▸ **Requirement**:
Across the whole listing, filter for the string "their" and copy every line that has it.

· · · ·

end

theory Submission
  imports Defs
begin

text \<open>The series inside A(\<alpha>, i) is \<Sum>_{m \<ge> 1} (\<alpha> - i)_m / m!; its partial
  sums telescope to (\<alpha> - i + 1)_N / N! - 1 \<rightarrow> -1, so every A(\<alpha>, i) vanishes. Integrating V_p by parts
  turns the p-th term of the other series into (t - a)^(-\<alpha>) / \<Gamma>(1 - \<alpha>) \<cdot> \<integral>_a^t c_m r^m x', where
  r = (\<tau> - a) / (t - a) and c_m = (\<alpha>)_m / m! are the coefficients of (1 - r)^(-\<alpha>); by dominated
  convergence that series sums to (t - a)^(-\<alpha>) / \<Gamma>(1 - \<alpha>) \<cdot> \<integral>_a^t ((1 - r)^(-\<alpha>) - 1) x'.
  On the other hand, the substitution \<tau> = s - (s - a) v^(1/(1 - \<alpha>)) removes the singularity of the
  kernel, so one may differentiate under the integral sign:
  d/dt \<integral>_a^t (t - \<tau>)^(-\<alpha>) x = (t - a)^(-\<alpha>) x(a) + \<integral>_a^t (t - \<tau>)^(-\<alpha>) x'.
  Both sides of the claimed identity therefore equal (t - a)^(-\<alpha>) x(a) + \<integral>_a^t (t - \<tau>)^(-\<alpha>) x',
  divided by \<Gamma>(1 - \<alpha>).\<close>

section \<open>Pochhammer series\<close>

lemma pochhammer_Suc_over_fact_tendsto_0:
  fixes z :: real
  assumes "z < 0"
  shows "(\<lambda>n. pochhammer z (Suc n) / fact n) \<longlonglongrightarrow> 0"
proof -
  have "(\<lambda>n. rGamma_series z n * real n powr z) \<longlonglongrightarrow> rGamma z * 0"
    by (intro tendsto_intros tendsto_neg_powr assms filterlim_real_sequentially)
  moreover have "eventually (\<lambda>n. rGamma_series z n * real n powr z = pochhammer z (Suc n) / fact n) sequentially"
    using eventually_gt_at_top[of "0::nat"] by eventually_elim (simp add: rGamma_series_def powr_def)
  ultimately show ?thesis
    by (simp add: Lim_transform_eventually)
qed

lemma pochhammer_over_fact_sums:
  fixes \<beta> :: real
  assumes "\<beta> < 0"
  shows "(\<lambda>k. pochhammer \<beta> (Suc k) / fact (Suc k)) sums (-1)"
proof -
  have partial_sums: "(\<Sum>k<N. pochhammer \<beta> (Suc k) / fact (Suc k)) = pochhammer \<beta> (Suc N) / (\<beta> * fact N) - 1" for N
  proof (induction N)
    case 0
    then show ?case using assms by simp
  next
    case (Suc N)
    have "pochhammer \<beta> (Suc (Suc N)) / (\<beta> * fact (Suc N))
        = pochhammer \<beta> (Suc N) / (\<beta> * fact N) + pochhammer \<beta> (Suc N) / fact (Suc N)"
      using assms by (simp add: pochhammer_Suc[of \<beta> "Suc N"] field_simps del: fact_Suc) (simp add: algebra_simps)
    with Suc.IH show ?case by simp
  qed
  have "(\<lambda>N. pochhammer \<beta> (Suc N) / fact N / \<beta> - 1) \<longlonglongrightarrow> 0 / \<beta> - 1"
    using assms by (intro tendsto_intros pochhammer_Suc_over_fact_tendsto_0) auto
  then show ?thesis
    unfolding sums_def partial_sums by (simp add: mult.commute)
qed

lemma pochhammer_binomial_sums:
  fixes \<alpha> r :: real
  assumes "\<bar>r\<bar> < 1"
  shows "(\<lambda>m. pochhammer \<alpha> m / fact m * r ^ m) sums (1 - r) powr (-\<alpha>)"
proof -
  have "((-\<alpha>) gchoose m) * (-r) ^ m = pochhammer \<alpha> m / fact m * r ^ m" for m
    by (simp add: gbinomial_pochhammer power_minus[of r] flip: mult.assoc power_add)
  then show ?thesis
    using gen_binomial_real[of "-r" "-\<alpha>"] assms by simp
qed

lemma Gamma_ratio_eq_pochhammer:
  fixes z :: real
  assumes "z \<notin> \<int>"
  shows "Gamma (z + real m) / (Gamma z * fact m) = pochhammer z m / fact m"
proof -
  have "z \<notin> \<int>\<^sub>\<le>\<^sub>0" using assms nonpos_Ints_subset_Ints by blast
  then show ?thesis by (simp add: pochhammer_Gamma)
qed

lemma A_coef_series_sums:
  fixes \<alpha> :: real
  assumes "\<alpha> \<notin> \<int>" "\<alpha> < real i"
  shows "(\<lambda>k. Gamma (real k + 1 - real i + \<alpha>) / (Gamma (\<alpha> - real i) * fact (k + 1))) sums (-1)"
proof -
  have nonint: "\<alpha> - real i \<notin> \<int>"
    using assms(1) Ints_add[of "\<alpha> - real i" "real i"] by auto
  have "Gamma (real k + 1 - real i + \<alpha>) / (Gamma (\<alpha> - real i) * fact (k + 1))
      = pochhammer (\<alpha> - real i) (Suc k) / fact (Suc k)" for k
    using Gamma_ratio_eq_pochhammer[OF nonint, of "Suc k"] by (simp add: algebra_simps)
  then show ?thesis
    using pochhammer_over_fact_sums[of "\<alpha> - real i"] assms(2) by simp
qed

lemma A_coef_eq_0:
  assumes "\<alpha> \<notin> \<int>" "\<alpha> < real i"
  shows "A_coef n \<alpha> i = 0"
  unfolding A_coef_def using sums_unique[OF A_coef_series_sums[OF assms]] by simp
(* Let $G\in\Gamma$ be twin-free. (1) If some vertex of $G$ has degree at least $3$, then $G$ has an induced subgraph isomorphic to one of the three bipartite graphs with biadjacency matrices \[\begin{bmatrix}1&0&0\\1&1&1\\0&0&1\end{bmatrix},\qquad \begin{bmatrix}1&1&0\\1&1&1\\0&1&0\end{bmatrix},\qquad \begin{bmatrix}1&1&0\\1&1&1\\0&1&1\end{bmatrix}.\] (2) If $1<\|G\|<\eta_4$, where $\eta_4=\frac1{15}\sqrt{169+38\sqrt{19}}$, then every vertex of $G$ has degree at most $2$ and some vertex has degree exactly $2$ (i.e. $\deg(G)=2$).
   Context: $\Gamma$ is the collection of all bipartite graphs $G\subseteq R\times C$ with $|R|,|C|\in\{1,2,\dots\}\cup\{\aleph_0\}$; enumerating $R=\{r_i\}$, $C=\{c_j\}$, the biadjacency matrix $M(G)$ has $(i,j)$ entry $1$ if $(r_i,c_j)$ is an edge and $0$ otherwise. $\|G\|$ denotes the Schur norm $\|M(G)\|_\bullet=\sup\{\|M(G)\bullet X\|:\|X\|\le1\}$ (entrywise product, operator norm on $\ell^2$ spaces over $\mathbb F\in\{\mathbb R,\mathbb C\}$; possibly $\infty$). An induced subgraph of $G$ is $G\cap(R_0\times C_0)$ for $R_0\subseteq R$, $C_0\subseteq C$; graphs are considered up to isomorphism, where isomorphisms may swap the two sides of the bipartition. Two vertices are twins if they have the same neighbour sets; $G$ is twin-free if no two distinct vertices are twins. $\deg(G)$ is the maximum vertex degree. *)

theory Defs
  imports "HOL-Analysis.Analysis" "HOL-Library.Extended_Nat"
begin

definition bip_graph :: "'a set \<Rightarrow> 'b set \<Rightarrow> ('a \<times> 'b) set \<Rightarrow> bool" where
  "bip_graph R C E \<longleftrightarrow> R \<noteq> {} \<and> C \<noteq> {} \<and> countable R \<and> countable C \<and> E \<subseteq> R \<times> C"

definition row_nbhd :: "('a \<times> 'b) set \<Rightarrow> 'a \<Rightarrow> 'b set" where
  "row_nbhd E r = {c. (r, c) \<in> E}"

definition col_nbhd :: "('a \<times> 'b) set \<Rightarrow> 'b \<Rightarrow> 'a set" where
  "col_nbhd E c = {r. (r, c) \<in> E}"

definition twin_free :: "'a set \<Rightarrow> 'b set \<Rightarrow> ('a \<times> 'b) set \<Rightarrow> bool" where
  "twin_free R C E \<longleftrightarrow>
     (\<forall>r1\<in>R. \<forall>r2\<in>R. r1 \<noteq> r2 \<longrightarrow> row_nbhd E r1 \<noteq> row_nbhd E r2) \<and>
     (\<forall>c1\<in>C. \<forall>c2\<in>C. c1 \<noteq> c2 \<longrightarrow> col_nbhd E c1 \<noteq> col_nbhd E c2)"

definition ecard :: "'x set \<Rightarrow> enat" where
  "ecard S = (if finite S then enat (card S) else \<infinity>)"

definition degrees :: "'a set \<Rightarrow> 'b set \<Rightarrow> ('a \<times> 'b) set \<Rightarrow> enat set" where
  "degrees R C E = (\<lambda>r. ecard (row_nbhd E r)) ` R \<union> (\<lambda>c. ecard (col_nbhd E c)) ` C"

definition max_deg :: "'a set \<Rightarrow> 'b set \<Rightarrow> ('a \<times> 'b) set \<Rightarrow> enat" where
  "max_deg R C E = Sup (degrees R C E)"

text \<open>Operator norm (on \<ell>^2 spaces) of a matrix A indexed by R \<times> C, as an extended real:
  supremum of the \<ell>^2-norm of (A x) restricted to finite row sets, over unit vectors x
  finitely supported in C. (Value \<infinity> when A is unbounded.)\<close>
definition mat_opnorm :: "'a set \<Rightarrow> 'b set \<Rightarrow> ('a \<Rightarrow> 'b \<Rightarrow> 'f::real_normed_field) \<Rightarrow> ereal" where
  "mat_opnorm R C A =
     (SUP p \<in> {(R0, C0, x). finite R0 \<and> R0 \<subseteq> R \<and> finite C0 \<and> C0 \<subseteq> C \<and>
                             (\<Sum>j\<in>C0. (norm (x j))\<^sup>2) \<le> (1::real)}.
        case p of (R0, C0, x) \<Rightarrow>
          ereal (sqrt (\<Sum>i\<in>R0. (norm (\<Sum>j\<in>C0. A i j * x j))\<^sup>2)))"

definition schur_norm :: "'f::real_normed_field itself \<Rightarrow> 'a set \<Rightarrow> 'b set \<Rightarrow> ('a \<times> 'b) set \<Rightarrow> ereal" where
  "schur_norm _ R C E =
     (SUP X \<in> {X :: 'a \<Rightarrow> 'b \<Rightarrow> 'f. mat_opnorm R C X \<le> 1}.
        mat_opnorm R C (\<lambda>i j. if (i, j) \<in> E then X i j else 0))"

definition has_induced_copy :: "'a set \<Rightarrow> 'b set \<Rightarrow> ('a \<times> 'b) set \<Rightarrow> (nat \<Rightarrow> nat \<Rightarrow> bool) \<Rightarrow> bool" where
  "has_induced_copy R C E P \<longleftrightarrow>
     (\<exists>R0 C0. R0 \<subseteq> R \<and> C0 \<subseteq> C \<and>
       ((\<exists>f g. bij_betw f R0 {..<3} \<and> bij_betw g C0 {..<3} \<and>
              (\<forall>r\<in>R0. \<forall>c\<in>C0. (r, c) \<in> E \<longleftrightarrow> P (f r) (g c))) \<or>
        (\<exists>f g. bij_betw f R0 {..<3} \<and> bij_betw g C0 {..<3} \<and>
              (\<forall>r\<in>R0. \<forall>c\<in>C0. (r, c) \<in> E \<longleftrightarrow> P (g c) (f r)))))"

definition H1 :: "nat \<Rightarrow> nat \<Rightarrow> bool" where
  "H1 i j = [[True, False, False], [True, True, True], [False, False, True]] ! i ! j"
definition H2 :: "nat \<Rightarrow> nat \<Rightarrow> bool" where
  "H2 i j = [[True, True, False], [True, True, True], [False, True, False]] ! i ! j"
definition H3 :: "nat \<Rightarrow> nat \<Rightarrow> bool" where
  "H3 i j = [[True, True, False], [True, True, True], [False, True, True]] ! i ! j"

definition eta4 :: real where
  "eta4 = sqrt (169 + 38 * sqrt 19) / 15"

end

theory Submission
  imports Defs
begin

text \<open>
  Part (1): let a row r have three neighbours x, y, z. Any two columns are separated by some row,
  and one sorts rows by their trace on {x, y, z}. If some trace is a single column, a row
  separating the other two columns completes a copy of H1 or H2; otherwise the separating rows
  have traces of size two, and two of them sharing a column give H3 (together with r).

  Part (2): each of H1, H2, H3 has Schur norm at least eta4, witnessed by a 3\<times>3 orthogonal matrix N
  and a vector v with |(H \<circ> N) v| \<ge> eta4 |v|; transported onto an induced copy, N becomes a
  contraction on the whole graph, so \<parallel>G\<parallel> \<ge> eta4. Hence \<parallel>G\<parallel> < eta4 forces all degrees \<le> 2 by (1).
  If no degree were 2, E would be a partial matching, whose Schur multiples of contractions are
  contractions, so \<parallel>G\<parallel> \<le> 1.
\<close>

lemma has_induced_copyI:
  assumes "set rs \<subseteq> R" "distinct rs" "length rs = 3"
    and "set cs \<subseteq> C" "distinct cs" "length cs = 3"
    and adj: "\<And>i j. i < 3 \<Longrightarrow> j < 3 \<Longrightarrow> (rs ! i, cs ! j) \<in> E \<longleftrightarrow> P i j"
  shows "has_induced_copy R C E P"
proof -
  have bij_rs: "bij_betw ((!) rs) {..<3} (set rs)" and bij_cs: "bij_betw ((!) cs) {..<3} (set cs)"
    using assms by (auto intro: bij_betw_nth)
  define f where "f = inv_into {..<3} ((!) rs)"
  define g where "g = inv_into {..<3} ((!) cs)"
  have bij_f: "bij_betw f (set rs) {..<3}" and bij_g: "bij_betw g (set cs) {..<3}"
    unfolding f_def g_def using bij_rs bij_cs by (auto intro: bij_betw_inv_into)
  have "(r, c) \<in> E \<longleftrightarrow> P (f r) (g c)" if "r \<in> set rs" "c \<in> set cs" for r c
  proof -
    have "f r < 3" "g c < 3"
      using bij_betw_apply[OF bij_f] bij_betw_apply[OF bij_g] that by auto
    moreover have "rs ! f r = r" "cs ! g c = c"
      unfolding f_def g_def using bij_rs bij_cs that by (auto simp: bij_betw_def f_inv_into_f)
    ultimately show ?thesis using adj by metis
  qed
  then show ?thesis
    unfolding has_induced_copy_def
    by (intro exI[of _ "set rs"] exI[of _ "set cs"] conjI disjI1 exI[of _ f] exI[of _ g])
      (use assms(1,4) bij_f bij_g in auto)
qed

lemma has_induced_copy_converse:
  assumes "has_induced_copy C R (converse E) P"
  shows "has_induced_copy R C E P"
proof -
  obtain C0 R0 f g where "C0 \<subseteq> C" "R0 \<subseteq> R" "bij_betw f C0 {..<3}" "bij_betw g R0 {..<3}"
    and "(\<forall>c\<in>C0. \<forall>r\<in>R0. (r, c) \<in> E \<longleftrightarrow> P (f c) (g r)) \<or>
         (\<forall>c\<in>C0. \<forall>r\<in>R0. (r, c) \<in> E \<longleftrightarrow> P (g r) (f c))"
    using assms unfolding has_induced_copy_def by auto
  then show ?thesis
    unfolding has_induced_copy_def
    by (intro exI[of _ R0] exI[of _ C0]) blast
qed

definition has_H123_copy :: "'a set \<Rightarrow> 'b set \<Rightarrow> ('a \<times> 'b) set \<Rightarrow> bool" where
  "has_H123_copy R C E \<longleftrightarrow>
     has_induced_copy R C E H1 \<or> has_induced_copy R C E H2 \<or> has_induced_copy R C E H3"

lemma has_H123_copy_converse:
  "has_H123_copy C R (converse E) \<Longrightarrow> has_H123_copy R C E"
  unfolding has_H123_copy_def using has_induced_copy_converse by blast

lemma less_3_iff: "(i::nat) < 3 \<longleftrightarrow> i = 0 \<or> i = 1 \<or> i = 2"
  by auto

lemma has_H1_copyI:
  assumes "E \<subseteq> R \<times> C" "distinct [x, y, z]" "{x, y, z} \<subseteq> row_nbhd E r"
    and "row_nbhd E A \<inter> {x, y, z} = {x}" "row_nbhd E B \<inter> {x, y, z} = {z}"
  shows "has_H123_copy R C E"
  unfolding has_H123_copy_def
  by (rule disjI1, rule has_induced_copyI[of "[A, r, B]" _ "[x, y, z]"])
    (use assms in \<open>auto simp: less_3_iff H1_def row_nbhd_def\<close>)

lemma has_H2_copyI:
  assumes "E \<subseteq> R \<times> C" "distinct [x, y, z]" "{x, y, z} \<subseteq> row_nbhd E r"
    and "row_nbhd E A \<inter> {x, y, z} = {x, y}" "row_nbhd E B \<inter> {x, y, z} = {y}"
  shows "has_H123_copy R C E"
  unfolding has_H123_copy_def
  by (rule disjI2, rule disjI1, rule has_induced_copyI[of "[A, r, B]" _ "[x, y, z]"])
    (use assms in \<open>auto simp: less_3_iff H2_def row_nbhd_def\<close>)

lemma has_H3_copyI:
  assumes "E \<subseteq> R \<times> C" "distinct [x, y, z]" "{x, y, z} \<subseteq> row_nbhd E r"
    and "row_nbhd E A \<inter> {x, y, z} = {x, y}" "row_nbhd E B \<inter> {x, y, z} = {y, z}"
  shows "has_H123_copy R C E"
  unfolding has_H123_copy_def
  by (rule disjI2, rule disjI2, rule has_induced_copyI[of "[A, r, B]" _ "[x, y, z]"])
    (use assms in \<open>auto simp: less_3_iff H3_def row_nbhd_def\<close>)
lemma finite_support_add:
  "finite_support u \<Longrightarrow> finite_support v \<Longrightarrow> finite_support (u + v :: 'a \<Rightarrow> 'k::comm_ring_1)"
  unfolding finite_support_def by (rule finite_subset[of _ "{q. u q \<noteq> 0} \<union> {q. v q \<noteq> 0}"]) auto

lemma finite_support_diff:
  "finite_support u \<Longrightarrow> finite_support v \<Longrightarrow> finite_support (u - v :: 'a \<Rightarrow> 'k::comm_ring_1)"
  unfolding finite_support_def by (rule finite_subset[of _ "{q. u q \<noteq> 0} \<union> {q. v q \<noteq> 0}"]) auto

lemma finite_support_fscale: "finite_support u \<Longrightarrow> finite_support (fscale c u)"
  unfolding finite_support_def by (rule finite_subset[of _ "{q. u q \<noteq> 0}"]) (auto simp: fscale_def)

lemma finite_support_tdelta: "finite_support (tdelta q :: _ \<Rightarrow> 'k::comm_ring_1)"
  unfolding finite_support_def by (rule finite_subset[of _ "{q}"]) (auto simp: tdelta_def)

lemma frep_Nil: "(frep [] :: _ \<Rightarrow> 'k::comm_ring_1) = 0"
  by (auto simp: frep_def fun_eq_iff)

lemma frep_Cons: "(frep (x # xs) :: _ \<Rightarrow> 'k::comm_ring_1) = tdelta x + frep xs"
  by (auto simp: frep_def tdelta_def fun_eq_iff)

lemma finite_support_frep: "finite_support (frep xs :: _ \<Rightarrow> 'k::comm_ring_1)"
proof (induction xs)
  case Nil
  show ?case by (simp add: frep_Nil finite_support_def)
next
  case (Cons x xs)
  then show ?case by (simp only: frep_Cons finite_support_add finite_support_tdelta)
qed

context module
begin

lemma lin_ext_eq:
  assumes "finite A" "{q. u q \<noteq> 0} \<subseteq> A"
  shows "lin_ext scale F u = (\<Sum>q\<in>A. scale (u q) (F q))"
  unfolding lin_ext_def by (rule sum.mono_neutral_left) (use assms in auto)

lemma lin_ext_add:
  assumes "finite_support u" "finite_support v"
  shows "lin_ext scale F (u + v) = lin_ext scale F u + lin_ext scale F v"
proof -
  let ?A = "{q. u q \<noteq> 0} \<union> {q. v q \<noteq> 0}"
  have A: "finite ?A" using assms by (simp add: finite_support_def)
  have "lin_ext scale F (u + v) = (\<Sum>q\<in>?A. scale (u q) (F q)) + (\<Sum>q\<in>?A. scale (v q) (F q))"
    by (subst lin_ext_eq[OF A]) (auto simp: scale_left_distrib sum.distrib)
  then show ?thesis by (simp add: lin_ext_eq[OF A])
qed

lemma lin_ext_diff:
  assumes "finite_support u" "finite_support v"
  shows "lin_ext scale F (u - v) = lin_ext scale F u - lin_ext scale F v"
proof -
  let ?A = "{q. u q \<noteq> 0} \<union> {q. v q \<noteq> 0}"
  have A: "finite ?A" using assms by (simp add: finite_support_def)
  have "lin_ext scale F (u - v) = (\<Sum>q\<in>?A. scale (u q) (F q)) - (\<Sum>q\<in>?A. scale (v q) (F q))"
    by (subst lin_ext_eq[OF A]) (auto simp: scale_left_diff_distrib sum_subtractf)
  then show ?thesis by (simp add: lin_ext_eq[OF A])
qed

lemma lin_ext_fscale:
  assumes "finite_support u"
  shows "lin_ext scale F (fscale c u) = scale c (lin_ext scale F u)"
proof -
  have "lin_ext scale F (fscale c u) = (\<Sum>q\<in>{q. u q \<noteq> 0}. scale (fscale c u q) (F q))"
    using assms by (intro lin_ext_eq) (auto simp: fscale_def finite_support_def)
  then show ?thesis by (simp add: lin_ext_def fscale_def scale_sum_right)
qed

lemma lin_ext_tdelta: "lin_ext scale F (tdelta q) = F q"
proof -
  have "lin_ext scale F (tdelta q) = (\<Sum>p\<in>{q}. scale (tdelta q p) (F p))"
    by (rule lin_ext_eq) (auto simp: tdelta_def)
  then show ?thesis by (simp add: tdelta_def)
qed

lemma lin_ext_frep: "lin_ext scale F (frep xs) = sum_list (map F xs)"
proof (induction xs)
  case Nil
  show ?case by (simp add: frep_Nil lin_ext_def)
next
  case (Cons x xs)
  then show ?case
    by (simp only: frep_Cons lin_ext_add finite_support_tdelta finite_support_frep lin_ext_tdelta
        list.map sum_list.Cons)
qed

text \<open>The linear extension of \<open>F\<close> to the free module vanishes on the multilinearity
  relations, hence on their span.\<close>

lemma tens_eq_sum_list_eq:
  assumes T: "tens_eq smult n xs ys"
    and add: "\<And>l r a a'. length l + length r + 1 = n \<Longrightarrow>
       F (l @ [a + a'] @ r) = F (l @ [a] @ r) + F (l @ [a'] @ r)"
    and hom: "\<And>l r c a. length l + length r + 1 = n \<Longrightarrow>
       F (l @ [smult c a] @ r) = scale c (F (l @ [a] @ r))"
  shows "sum_list (map F xs) = sum_list (map F ys)"
proof -
  let ?P = "\<lambda>u. finite_support u \<and> lin_ext scale F u = 0"
  have rel: "?P u" if "u \<in> tens_rel smult n" for u
    using that unfolding tens_rel_def
  proof (elim UnE CollectE exE conjE)
    fix l r a a'
    assume u: "u = tdelta (l @ [a + a'] @ r) - tdelta (l @ [a] @ r) - tdelta (l @ [a'] @ r)"
      and len: "length l + length r + 1 = n"
    show ?thesis unfolding u
      by (simp only: finite_support_diff finite_support_tdelta lin_ext_diff lin_ext_tdelta
          add[OF len]) simp
  next
    fix l r c a
    assume u: "u = tdelta (l @ [smult c a] @ r) - fscale c (tdelta (l @ [a] @ r))"
      and len: "length l + length r + 1 = n"
    show ?thesis unfolding u
      by (simp only: finite_support_diff finite_support_fscale finite_support_tdelta lin_ext_diff
          lin_ext_fscale lin_ext_tdelta hom[OF len]) simp
  qed
  have span: "frep xs - frep ys \<in> module.span fscale (tens_rel smult n)"
    using T by (simp add: tens_eq_def)
  have "?P (frep xs - frep ys)"
  proof (rule module.span_induct_alt[OF module_fscale span])
    show "?P 0" by (simp add: lin_ext_def finite_support_def)
  next
    fix c x y assume "x \<in> tens_rel smult n" and "?P y"
    with rel show "?P (fscale c x + y)"
      by (simp add: finite_support_add finite_support_fscale lin_ext_add lin_ext_fscale)
  qed
  then show ?thesis
    by (simp add: lin_ext_diff finite_support_frep lin_ext_frep)
qed

end

definition k_linear ::
  "('k::comm_ring_1 \<Rightarrow> 'h::ab_group_add \<Rightarrow> 'h) \<Rightarrow> ('k \<Rightarrow> 'v::ab_group_add \<Rightarrow> 'v) \<Rightarrow> ('h \<Rightarrow> 'v) \<Rightarrow> bool"
  where
  "k_linear smult scl f \<longleftrightarrow> (\<forall>x y. f (x + y) = f x + f y) \<and> (\<forall>c x. f (smult c x) = scl c (f x))"

definition k_bilinear ::
  "('k::comm_ring_1 \<Rightarrow> 'h::ab_group_add \<Rightarrow> 'h) \<Rightarrow> ('k \<Rightarrow> 'v::ab_group_add \<Rightarrow> 'v) \<Rightarrow>
    ('h \<Rightarrow> 'h \<Rightarrow> 'v) \<Rightarrow> bool"
  where
  "k_bilinear smult scl B \<longleftrightarrow> (\<forall>b. k_linear smult scl (\<lambda>a. B a b)) \<and> (\<forall>a. k_linear smult scl (B a))"

definition k_trilinear ::
  "('k::comm_ring_1 \<Rightarrow> 'h::ab_group_add \<Rightarrow> 'h) \<Rightarrow> ('k \<Rightarrow> 'v::ab_group_add \<Rightarrow> 'v) \<Rightarrow>
    ('h \<Rightarrow> 'h \<Rightarrow> 'h \<Rightarrow> 'v) \<Rightarrow> bool"
  where
  "k_trilinear smult scl K \<longleftrightarrow>
     (\<forall>b d. k_linear smult scl (\<lambda>a. K a b d)) \<and> (\<forall>a d. k_linear smult scl (\<lambda>b. K a b d)) \<and>
     (\<forall>a b. k_linear smult scl (K a b))"

lemma k_linear_zero: "k_linear smult scl f \<Longrightarrow> f 0 = 0"
  unfolding k_linear_def by (metis add_cancel_right_right add_0)

lemma (in module) k_linear_sum_list:
  "k_linear smult scale f \<Longrightarrow> f (sum_list (map g xs)) = sum_list (map (\<lambda>t. f (g t)) xs)"
  by (induction xs) (simp_all add: k_linear_zero, simp add: k_linear_def)

lemma (in module) k_linear_sum:
  "k_linear smult scale f \<Longrightarrow> f (\<Sum>j\<in>A. g j) = (\<Sum>j\<in>A. f (g j))"
  by (induction A rule: infinite_finite_induct)
    (simp_all add: k_linear_zero, simp add: k_linear_def)

lemma length_eq_2_split:
  "length l + length r + 1 = 2 \<Longrightarrow> (l = [] \<and> (\<exists>x. r = [x])) \<or> ((\<exists>y. l = [y]) \<and> r = [])"
  by (cases l; cases r) (auto simp: length_Suc_conv)

lemma length_eq_3_split: "length l + length r + 1 = 3 \<Longrightarrow>
   (l = [] \<and> (\<exists>x y. r = [x, y])) \<or> ((\<exists>y. l = [y]) \<and> (\<exists>x. r = [x])) \<or> ((\<exists>x y. l = [x, y]) \<and> r = [])"
  by (cases l; cases r) (auto simp: length_Suc_conv numeral_3_eq_3)

context module
begin

lemma tens_eq_bilinear:
  fixes smult :: "'a \<Rightarrow> 'h::ab_group_add \<Rightarrow> 'h"
  assumes B: "k_bilinear smult scale B" and T: "tens_eq smult 2 xs ys"
  shows "sum_list (map (\<lambda>t. B (t!0) (t!1)) xs) = sum_list (map (\<lambda>t. B (t!0) (t!1)) ys)"
proof (rule tens_eq_sum_list_eq[OF T])
  let ?F = "\<lambda>t. B (t!0) (t!1)"
  fix l r :: "'h list"
  assume "length l + length r + 1 = 2"
  from length_eq_2_split[OF this]
  show "?F (l @ [a + a'] @ r) = ?F (l @ [a] @ r) + ?F (l @ [a'] @ r)"
    and "?F (l @ [smult c a] @ r) = scale c (?F (l @ [a] @ r))" for a a' c
    using B by (auto simp: k_bilinear_def k_linear_def)
qed

lemma tens_eq_trilinear:
  fixes smult :: "'a \<Rightarrow> 'h::ab_group_add \<Rightarrow> 'h"
  assumes K: "k_trilinear smult scale K" and T: "tens_eq smult 3 xs ys"
  shows "sum_list (map (\<lambda>t. K (t!0) (t!1) (t!2)) xs)
    = sum_list (map (\<lambda>t. K (t!0) (t!1) (t!2)) ys)"
proof (rule tens_eq_sum_list_eq[OF T])
  let ?F = "\<lambda>t. K (t!0) (t!1) (t!2)"
  fix l r :: "'h list"
  assume "length l + length r + 1 = 3"
  from length_eq_3_split[OF this]
  show "?F (l @ [a + a'] @ r) = ?F (l @ [a] @ r) + ?F (l @ [a'] @ r)"
    and "?F (l @ [smult c a] @ r) = scale c (?F (l @ [a] @ r))" for a a' c
    using K by (auto simp: k_trilinear_def k_linear_def)
qed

· · · ·

▸ **Written answer**:
  and one sorts rows by their trace on {x, y, z}. If some trace is a single column, a row
  relations, hence on their span.\<close>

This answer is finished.